**YOUR OBJECTIVE**
In the material below, find the line that contains "by (auto simp: monomial_vec_def vec_over_def" and the line that contains "using assms unfolding rlin_comb_def", then write out exactly those two lines and everything between them.
+---+
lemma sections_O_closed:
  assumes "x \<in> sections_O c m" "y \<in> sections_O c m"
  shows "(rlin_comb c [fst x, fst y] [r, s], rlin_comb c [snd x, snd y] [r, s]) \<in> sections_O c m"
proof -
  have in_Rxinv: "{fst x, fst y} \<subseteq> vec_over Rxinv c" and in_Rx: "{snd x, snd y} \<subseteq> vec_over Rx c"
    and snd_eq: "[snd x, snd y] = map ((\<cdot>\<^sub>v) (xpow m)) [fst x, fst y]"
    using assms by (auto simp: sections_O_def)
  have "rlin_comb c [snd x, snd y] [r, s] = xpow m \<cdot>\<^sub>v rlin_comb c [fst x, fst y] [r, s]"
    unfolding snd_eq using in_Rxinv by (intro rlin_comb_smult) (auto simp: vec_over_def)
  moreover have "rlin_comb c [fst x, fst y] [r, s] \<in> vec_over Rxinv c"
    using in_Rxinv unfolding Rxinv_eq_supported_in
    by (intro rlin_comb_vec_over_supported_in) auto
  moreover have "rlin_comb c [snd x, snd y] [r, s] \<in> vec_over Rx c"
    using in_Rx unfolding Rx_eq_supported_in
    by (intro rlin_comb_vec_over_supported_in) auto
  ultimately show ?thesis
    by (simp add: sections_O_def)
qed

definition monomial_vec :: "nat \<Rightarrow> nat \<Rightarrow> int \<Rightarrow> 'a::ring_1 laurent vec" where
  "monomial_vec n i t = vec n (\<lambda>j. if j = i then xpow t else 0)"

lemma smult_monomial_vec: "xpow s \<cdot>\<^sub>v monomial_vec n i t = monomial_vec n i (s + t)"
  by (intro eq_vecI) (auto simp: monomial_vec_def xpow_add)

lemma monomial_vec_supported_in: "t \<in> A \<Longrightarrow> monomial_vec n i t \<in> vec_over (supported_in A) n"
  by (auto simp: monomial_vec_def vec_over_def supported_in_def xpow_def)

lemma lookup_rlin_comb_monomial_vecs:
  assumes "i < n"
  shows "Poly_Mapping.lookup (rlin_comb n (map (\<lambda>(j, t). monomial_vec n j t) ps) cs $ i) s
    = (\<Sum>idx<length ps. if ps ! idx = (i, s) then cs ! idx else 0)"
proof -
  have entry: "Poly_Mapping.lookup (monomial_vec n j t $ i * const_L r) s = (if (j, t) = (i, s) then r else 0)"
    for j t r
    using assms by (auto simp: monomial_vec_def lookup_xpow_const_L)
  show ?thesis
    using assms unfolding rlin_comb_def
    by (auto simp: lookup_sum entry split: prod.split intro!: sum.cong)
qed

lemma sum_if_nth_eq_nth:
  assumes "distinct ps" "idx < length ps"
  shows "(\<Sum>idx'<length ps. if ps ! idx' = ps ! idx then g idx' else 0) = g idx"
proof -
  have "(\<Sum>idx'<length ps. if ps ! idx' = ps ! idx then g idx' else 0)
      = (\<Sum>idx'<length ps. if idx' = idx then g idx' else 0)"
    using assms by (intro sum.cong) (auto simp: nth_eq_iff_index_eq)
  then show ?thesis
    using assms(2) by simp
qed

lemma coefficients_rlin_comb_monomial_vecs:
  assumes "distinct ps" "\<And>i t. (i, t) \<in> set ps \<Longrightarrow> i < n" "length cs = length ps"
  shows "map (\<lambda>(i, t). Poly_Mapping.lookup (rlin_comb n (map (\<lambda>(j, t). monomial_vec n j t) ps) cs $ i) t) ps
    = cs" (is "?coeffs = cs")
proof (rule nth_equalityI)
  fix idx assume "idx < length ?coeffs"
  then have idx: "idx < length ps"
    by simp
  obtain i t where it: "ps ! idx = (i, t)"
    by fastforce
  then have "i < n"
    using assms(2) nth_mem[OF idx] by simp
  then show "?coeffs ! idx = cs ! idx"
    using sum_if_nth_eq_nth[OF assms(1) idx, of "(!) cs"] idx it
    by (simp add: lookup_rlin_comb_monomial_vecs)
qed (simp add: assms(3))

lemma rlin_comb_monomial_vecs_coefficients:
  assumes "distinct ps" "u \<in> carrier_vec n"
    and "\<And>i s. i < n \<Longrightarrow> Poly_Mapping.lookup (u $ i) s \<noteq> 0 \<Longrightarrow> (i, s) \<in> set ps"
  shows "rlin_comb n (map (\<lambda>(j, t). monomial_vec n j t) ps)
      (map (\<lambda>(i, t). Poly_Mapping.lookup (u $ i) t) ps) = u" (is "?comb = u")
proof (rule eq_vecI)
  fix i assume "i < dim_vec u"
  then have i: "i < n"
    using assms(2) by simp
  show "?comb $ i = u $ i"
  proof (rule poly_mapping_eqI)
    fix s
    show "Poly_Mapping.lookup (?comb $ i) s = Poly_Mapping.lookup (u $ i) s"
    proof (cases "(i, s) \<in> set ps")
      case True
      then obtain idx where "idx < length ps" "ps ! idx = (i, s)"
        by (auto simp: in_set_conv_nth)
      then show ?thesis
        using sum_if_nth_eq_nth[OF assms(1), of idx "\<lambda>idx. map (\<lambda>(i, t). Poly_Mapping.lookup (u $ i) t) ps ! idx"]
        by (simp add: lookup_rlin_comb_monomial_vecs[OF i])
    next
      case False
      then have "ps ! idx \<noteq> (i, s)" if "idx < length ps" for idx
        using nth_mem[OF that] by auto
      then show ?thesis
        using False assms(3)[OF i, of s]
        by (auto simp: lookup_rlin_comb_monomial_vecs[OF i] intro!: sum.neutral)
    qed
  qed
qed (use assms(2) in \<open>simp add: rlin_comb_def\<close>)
+---+
**FINISHED EXERCISE**
  by (auto simp: monomial_vec_def vec_over_def supported_in_def xpow_def)

lemma lookup_rlin_comb_monomial_vecs:
  assumes "i < n"
  shows "Poly_Mapping.lookup (rlin_comb n (map (\<lambda>(j, t). monomial_vec n j t) ps) cs $ i) s
    = (\<Sum>idx<length ps. if ps ! idx = (i, s) then cs ! idx else 0)"
proof -
  have entry: "Poly_Mapping.lookup (monomial_vec n j t $ i * const_L r) s = (if (j, t) = (i, s) then r else 0)"
    for j t r
    using assms by (auto simp: monomial_vec_def lookup_xpow_const_L)
  show ?thesis
    using assms unfolding rlin_comb_def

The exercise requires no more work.